Culturally, he was almost a vagabond. “Like my German forefathers, I live in Russia,” he wrote. “But I am not Russian.” Nor could he feel completely Jewish: “My Jewish half gives me no peace: I know none of the three Jewish languages — but I look like a typical Jew.”
No wonder, then, that Schnittke’s most individual gift to music was a collision of styles, high and low, crammed into a single piece. He called it “polystylism”. A simple example occurs in his first Concerto Grosso (featured on November 22), in which the strings’ baroque swirls suddenly cut off to reveal his grandmother’s favourite tango plonking away on a harpsichord. For complex examples, you can’t beat the First Symphony (missing, alas, from the season), where the stew includes jazz improvisation and transmuted morsels from classical music’s all-stars, Beethoven, Haydn, Chopin and folks, jostling in madcap array.
Both are pieces from the 1970s, the years of the Brezhnev “stagnation”, of government by smoke and mirrors: a fitting context for Schnittke’s dysfunctional games, amply disliked by Moscow’s Establishment, especially Tikhon Khrennikov, the powerful head of the Composers’ Union.
Another influence on the music was more practical.
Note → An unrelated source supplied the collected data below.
text \<open>Points of the real projective plane are represented by nonzero vectors of real^3
  (homogeneous coordinates); a ternary form is represented by its evaluation function
  real^3 \<Rightarrow> real. A real projective line is represented by a nonzero normal vector n,
  the line being the set of points v with n \<bullet> v = 0.\<close>

definition monos4 :: "(nat \<times> nat \<times> nat) set" where
  "monos4 = {(i,j,k). i + j + k = 4}"

definition H4 :: "(real^3 \<Rightarrow> real) set" where
  "H4 = {f. \<exists>c :: nat \<times> nat \<times> nat \<Rightarrow> real. \<forall>v.
      f v = (\<Sum>(i,j,k)\<in>monos4. c (i,j,k) * (v$1)^i * (v$2)^j * (v$3)^k)}"

definition P34 :: "(real^3 \<Rightarrow> real) set" where
  "P34 = {f \<in> H4. \<forall>v. 0 \<le> f v}"

text \<open>The line through two (distinct) points a, b.\<close>
definition join :: "real^3 \<Rightarrow> real^3 \<Rightarrow> real^3" where
  "join a b = cross3 a b"

definition on_line :: "real^3 \<Rightarrow> real^3 \<Rightarrow> bool" where
  "on_line v n \<longleftrightarrow> n \<bullet> v = 0"

definition e1 :: "real^3" where "e1 = vector [1,0,0]"
definition e2 :: "real^3" where "e2 = vector [0,1,0]"
definition e3 :: "real^3" where "e3 = vector [0,0,1]"
definition e4 :: "real^3" where "e4 = vector [1,1,1]"

text \<open>Affine coordinates centred at p: a matrix B (the inverse of the coordinate change)
  with B invertible and B e3 a representative of p; the form in the new coordinates is
  f(B v), dehomogenised at z = 1. The local coefficients a_ij are those of
  f(B (x,y,1)) = sum a_ij x^i y^j (i+j \<le> 4).\<close>
definition affine_coords_at :: "real^3 \<Rightarrow> real^3^3 \<Rightarrow> bool" where
  "affine_coords_at p B \<longleftrightarrow> invertible B \<and> (\<exists>t. t \<noteq> 0 \<and> B *v e3 = t *\<^sub>R p)"

text \<open>Coordinates centred at p in which the line with normal n becomes {y = 0}:
  the image of the plane y = 0 is the plane of l, i.e. B e1 and B e3 lie on l.\<close>
definition affine_coords_at_line :: "real^3 \<Rightarrow> real^3 \<Rightarrow> real^3^3 \<Rightarrow> bool" where
  "affine_coords_at_line p n B \<longleftrightarrow> affine_coords_at p B \<and> on_line (B *v e1) n \<and> on_line (B *v e3) n"

definition local_coeffs :: "(real^3 \<Rightarrow> real) \<Rightarrow> real^3^3 \<Rightarrow> (nat \<Rightarrow> nat \<Rightarrow> real) \<Rightarrow> bool" where
  "local_coeffs f B a \<longleftrightarrow>
     (\<forall>x y. f (B *v vector [x, y, 1]) = (\<Sum>(i,j)\<in>{(i,j). i + j \<le> (4::nat)}. a i j * x^i * y^j))"

definition Fpt :: "real^3 \<Rightarrow> (real^3 \<Rightarrow> real) set" where
  "Fpt s = {f \<in> P34. f s = 0}"

definition Ipt :: "real^3 \<Rightarrow> (real^3 \<Rightarrow> real) set" where
  "Ipt s = {f \<in> H4. \<exists>B a. affine_coords_at s B \<and> local_coeffs f B a \<and>
                       a 0 0 = 0 \<and> a 1 0 = 0 \<and> a 0 1 = 0}"

text \<open>F_(p,l): f(p) = 0 and tilde f(0,0) = 0, where tilde f(x,y) = f(x,xy)/x^2
  (defined since ord_p f \<ge> 2); in local coordinates tilde f(0,0) = a_20.\<close>
definition Fpl :: "real^3 \<Rightarrow> real^3 \<Rightarrow> (real^3 \<Rightarrow> real) set" where
  "Fpl p n = {f \<in> P34. f p = 0 \<and> (\<exists>B a. affine_coords_at_line p n B \<and> local_coeffs f B a \<and>
                       a 0 0 = 0 \<and> a 1 0 = 0 \<and> a 0 1 = 0 \<and> a 2 0 = 0)}"

definition Ipl :: "real^3 \<Rightarrow> real^3 \<Rightarrow> (real^3 \<Rightarrow> real) set" where
  "Ipl p n = {f \<in> H4. \<exists>B a. affine_coords_at_line p n B \<and> local_coeffs f B a \<and>
     a 0 0 = 0 \<and> a 1 0 = 0 \<and> a 0 1 = 0 \<and> a 2 0 = 0 \<and> a 1 1 = 0 \<and> a 3 0 = 0}"

definition Fconf :: "(real^3) list \<Rightarrow> ((real^3) \<times> (real^3)) list \<Rightarrow> (real^3 \<Rightarrow> real) set" where
  "Fconf ss pls = P34 \<inter> (\<Inter>s\<in>set ss. Fpt s) \<inter> (\<Inter>(p,n)\<in>set pls. Fpl p n)"

definition Iconf :: "(real^3) list \<Rightarrow> ((real^3) \<times> (real^3)) list \<Rightarrow> (real^3 \<Rightarrow> real) set" where
  "Iconf ss pls = H4 \<inter> (\<Inter>s\<in>set ss. Ipt s) \<inter> (\<Inter>(p,n)\<in>set pls. Ipl p n)"

definition fspan :: "(real^3 \<Rightarrow> real) set \<Rightarrow> (real^3 \<Rightarrow> real) set" where
  "fspan S = module.span (\<lambda>c f. (\<lambda>v. c * f v)) S"

end

theory Submission
  imports Defs "HOL-Computational_Algebra.Polynomial"
begin

text \<open>
  For a configuration T of points s and point-line pairs (p, l), F_T is the cone of
  nonnegative quartics with the prescribed zeros, and I_T the space of quartics whose local
  coefficients vanish in degree < 2 at each s and, in coordinates with l = {y = 0}, in
  weighted degree < 4 (weights x = 1, y = 2) at each (p, l). First we show they do not depend on the chart: two
  charts differ by an affine substitution of the local coordinates, which cannot lower weighted
  order (bivariate polynomials and their supports). Hence I_T is a subspace. Positivity
  upgrades the conditions of F_T to those of I_T, so span F_T \<subseteq> I_T for every configuration.
  Conversely, squares of members of a linear system of quadrics adapted to T lie in F_T, so by
  polarisation all products of its generators lie in span F_T; for each T_i of the theorem,
  every element of I_T is such a combination of products (read off in explicit charts).
\<close>

section \<open>Bivariate polynomials and weighted order\<close>

abbreviation D4 :: "(nat \<times> nat) set" where
  "D4 \<equiv> {(i,j). i + j \<le> 4}"

lemma D4_eq:
  "D4 = {(0,0),(0,1),(0,2),(0,3),(0,4),(1,0),(1,1),(1,2),(1,3),(2,0),(2,1),(2,2),(3,0),(3,1),(4,0)}"
proof (intro equalityI subsetI)
  fix x assume "x \<in> D4"
  then obtain i j where x: "x = (i,j)" "i + j \<le> 4" by auto
  then have "i = 0 \<or> i = 1 \<or> i = 2 \<or> i = 3 \<or> i = 4" "j = 0 \<or> j = 1 \<or> j = 2 \<or> j = 3 \<or> j = 4"
    by arith+
  then show "x \<in> {(0,0),(0,1),(0,2),(0,3),(0,4),(1,0),(1,1),(1,2),(1,3),(2,0),(2,1),(2,2),(3,0),(3,1),(4,0)}"
    using x by (elim disjE) simp_all
qed auto

lemma finite_D4 [simp]: "finite D4"
  by (simp add: D4_eq)

lemma sum_D4:
  fixes a :: "nat \<Rightarrow> nat \<Rightarrow> real"
  shows "(\<Sum>(i,j)\<in>D4. a i j * x^i * y^j) = a 0 0 + a 0 1 * y + a 0 2 * y^2 + a 0 3 * y^3 + a 0 4 * y^4
    + a 1 0 * x + a 1 1 * x * y + a 1 2 * x * y^2 + a 1 3 * x * y^3 + a 2 0 * x^2 + a 2 1 * x^2 * y
    + a 2 2 * x^2 * y^2 + a 3 0 * x^3 + a 3 1 * x^3 * y + a 4 0 * x^4"
  by (simp add: D4_eq algebra_simps)

text \<open>A polynomial in x and y is represented as a polynomial in y with coefficients in
  real[x]; coeff2 P i j is the coefficient of x^i y^j.\<close>
definition eval2 :: "real poly poly \<Rightarrow> real \<Rightarrow> real \<Rightarrow> real" where
  "eval2 P x y = poly (poly P [:y:]) x"

definition coeff2 :: "real poly poly \<Rightarrow> nat \<Rightarrow> nat \<Rightarrow> real" where
  "coeff2 P i j = coeff (coeff P j) i"

definition monom2 :: "nat \<Rightarrow> nat \<Rightarrow> real \<Rightarrow> real poly poly" where
  "monom2 i j c = monom (monom c i) j"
Between 1962 and 1984 Schnittke earned a living writing cinema scores, some for adventurous animated films such as The Glass Umbrella, with music and sound effects usually worked in counterpoint with the images. He became used to montage and collage: art in slices.
Was he a dissident? The violinist Dimitry Sitvoketsky, featured in several concerts, thinks not. “It was just that the music he wrote wasn’t officially liked.” Yet it wasn’t merely the music that irked the Soviet bosses. There was also Schnittke’s public popularity. “By the 1980s the public treated him almost like a rock star,” Ivashkin recalls. “Crowds in Moscow beat down the doors to come to his concerts. Police had to be called.”
Khrennikov’s petty response to his fame was to obstruct the composer’s travel. Once Mikhail Gorbachev came to power in 1984, the situation eased, only for Schnittke’s health to worsen. In 1985 he had the first of three strokes that reduced the quality of his life, furthering a musical shift towards the greater simplicity of means made fashionable by the “holy minimalists”, such as Arvo Pärt. He admired the ascetic beauty of Pärt’s music, but he told Ivashkin: “I can’t be a saint!” A revealing reply. Schnittke’s music is always formidably human.
For Jurowski, born in 1972, the season will be in part a voyage of discovery. “Learning about Schnittke and his time,” he says, “has a special meaning for me, since it was also the time of my parents’ youth and my own childhood.”
As for Ivashkin, he hopes the season will help bring the music to the same pitch of popularity in Britain as Shostakovich’s, and encourage opera companies to investigate The History of D. Johann Faustus (the season presents extracts) or another neglected item, Gesualdo. “Maybe the situation is healthier now. We can hear his music from a more realistic perspective, and judge him more like a composer of the world.”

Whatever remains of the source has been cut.